Using the entries that follow, give only the number of lines with the word "exists" in them.

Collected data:
_ _ _ _ _ _ _

(* Under the hypotheses of Theorem 1 (stated in the context), with probability one there exists $n_0$ such that for all $n\ge n_0$, denoting by $\hat m_{n,1}<\dots<\hat m_{n,r-1}$ the local minimizers of $\hat f_n$ in $(a,b)$ and by $F$ the distribution function of $P$, $$d_P(\widehat{\mathscr C}_n,\mathscr C_0)=\sum_{j=1}^{r-1}\bigl|F(\hat m_{n,j})-F(m_j)\bigr|.$$
   Context: Hypotheses: $P$ is a probability distribution on $\mathbb R$ with density $f$, $f=0$ outside $[a,b]$ ($a<b$), $f|_{[a,b]}$ is three times continuously differentiable on $[a,b]$, $f'(a)\ne0$, $f'(b)\ne0$, $f$ has finitely many critical points in $(a,b)$, all with $f''\neq0$; $m_1<\dots<m_{r-1}$ are the local minimizers of $f$ in $(a,b)$. $(\hat f_n)$ are random functions, each twice continuously differentiable on $[a,b]$, with $\sup_{[a,b]}|\hat f_n^{(j)}-f^{(j)}|\to0$ almost surely for $j=1,2$. Modal clustering induced by $g$: if $g$ has finitely many local minimizers $\mu_1<\dots<\mu_k$ in $(a,b)$, it is $\{(-\infty,\mu_1),(\mu_1,\mu_2),\dots,(\mu_k,\infty)\}$; $\mathscr C_0$ and $\widehat{\mathscr C}_n$ are those induced by $f$ and $\hat f_n$. For $P$-clusterings $\mathscr C=\{C_1,\dots,C_r\}$, $\mathscr D=\{D_1,\dots,D_s\}$ with $r\le s$, put $C_i=\varnothing$ for $r<i\le s$ and $d_P(\mathscr C,\mathscr D)=\frac12\min_\sigma\sum_{i=1}^sP(C_i\triangle D_{\sigma(i)})$ over permutations $\sigma$ of $\{1,\dots,s\}$. *)

theory Defs
  imports "HOL-Probability.Probability" "HOL-Combinatorics.Permutations"
begin

definition loc_minimizers :: "(real \<Rightarrow> real) \<Rightarrow> real \<Rightarrow> real \<Rightarrow> real set" where
  "loc_minimizers g a b =
     {x \<in> {a<..<b}. \<exists>e>0. \<forall>y. \<bar>y - x\<bar> < e \<longrightarrow> g x \<le> g y}"

definition modal_clustering :: "(real \<Rightarrow> real) \<Rightarrow> real \<Rightarrow> real \<Rightarrow> real set list" where
  "modal_clustering g a b =
     (let mu = sorted_list_of_set (loc_minimizers g a b); k = length mu
      in map (\<lambda>i. {x. (i = 0 \<or> mu ! (i - 1) < x) \<and> (i = k \<or> x < mu ! i)}) [0..<k+1])"
(* Let $M$ be a Hausdorff space with continuous semiflow $(t,\omega)\mapsto t\omega$, $Z$ a Banach space, $A:D(A)\subset Z\to Z$ a closed linear operator, and $B,L:M\to L(Z,Z)$ each satisfying: $(\omega,z)\mapsto B(\omega)z$ (resp. $L(\omega)z$) is continuous, $\sup_{t\ge0}|B(t\omega)|<\infty$ (resp. $\sup_{t\ge0}|L(t\omega)|<\infty$) for every $\omega$, and these suprema are locally bounded in $\omega$. Let $\mathcal{C}(\omega)=AB(\omega)+L(\omega)$ and consider $\dot z(t)=\mathcal{C}(t\omega)z(t)$ (L) and, for $g\in C(\mathbb{R},Z)$, $\dot z(t)=\mathcal{C}(t\omega)z(t)+g(t)$ (G). (1) If (L) generates a $C_0$ linear cocycle $T_0$, then every mild solution $z\in C([0,a],Z)$ of (G) satisfies $z(t)=T_0(t,\omega)z(0)+\int_0^tT_0(t-s,s\omega)g(s)\,ds$ for $t\in[0,a]$. (2) If (L) generates a $C_0$ cocycle correspondence $\{H_1(t,\omega)\sim(T_1(t,\omega),S_1(-t,t\omega))\}$ with spectral projections $P_\omega$, $P^c_\omega$, then every mild solution $z\in C([0,a],Z)$ of (G) satisfies, with $x(t)=P_{t\omega}z(t)$, $y(t)=P^c_{t\omega}z(t)$: $x(t)=T_1(t,\omega)x(0)+\int_0^tT_1(t-s,s\omega)P_{s\omega}g(s)\,ds$ and $y(t)=S_1(t-a,a\omega)y(a)-\int_t^aS_1(t-s,s\omega)P^c_{s\omega}g(s)\,ds$ for $t\in[0,a]$.
   Context: A mild solution of (G) on $[a_0,b]$ is $u\in C([a_0,b],Z)$ with $\int_{a_0}^tB(s\omega)u(s)ds\in D(A)$ and $u(t)=u(a_0)+A\int_{a_0}^tB(s\omega)u(s)ds+\int_{a_0}^t(L(s\omega)u(s)+g(s))ds$ for $t\in[a_0,b]$; for (L) take $g=0$. (L) generates a $C_0$ linear cocycle $T_0$ if $T_0(t,\omega)\in L(Z,Z)$, $T_0(0,\omega)=\mathrm{id}$, $T_0(t+s,\omega)=T_0(t,s\omega)T_0(s,\omega)$, $(t,\omega,x)\mapsto T_0(t,\omega)x$ continuous, and for every $x\in Z$ the function $z(t)=T_0(t,\omega)x$, $t\ge0$, is the unique mild solution of (L) with $z(0)=x$. (L) generates a $C_0$ cocycle correspondence if: $Z=X_\omega\oplus Y_\omega$ with projections $P_\omega$ (onto $X_\omega$), $P^c_\omega=I-P_\omega$, $(\omega,z)\mapsto P_\omega z$ continuous; $T_1(t,\omega)\in L(X_\omega,X_{t\omega})$ is a strongly continuous linear cocycle; $S_1(-t,t\omega)\in L(Y_{t\omega},Y_\omega)$ ($t\ge0$; indexed by $(t,\omega)$, with $S_1(t-s,s\omega)$ for $t\le s$ denoting $S_1(-(s-t),(s-t)(t\omega)):Y_{s\omega}\to Y_{t\omega}$), $S_1(0,\omega)=\mathrm{id}$, $S_1(-(t+s),(t+s)\omega)=S_1(-s,s\omega)S_1(-t,t(s\omega))$, strongly continuous; and for $t_1\le t_2$, $x_1\in X_{t_1\omega}$, $y_2\in Y_{t_2\omega}$, $z(t)=T_1(t-t_1,t_1\omega)x_1+S_1(t-t_2,t_2\omega)y_2$ ($t_1\le t\le t_2$) is the unique mild solution of (L) on $[t_1,t_2]$ with $P_{t_1\omega}z(t_1)=x_1$, $P^c_{t_2\omega}z(t_2)=y_2$. *)

theory Defs
  imports "HOL-Analysis.Analysis"
begin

_ _ _ _ _ _ _

RESULT FOR THIS EXERCISE -
2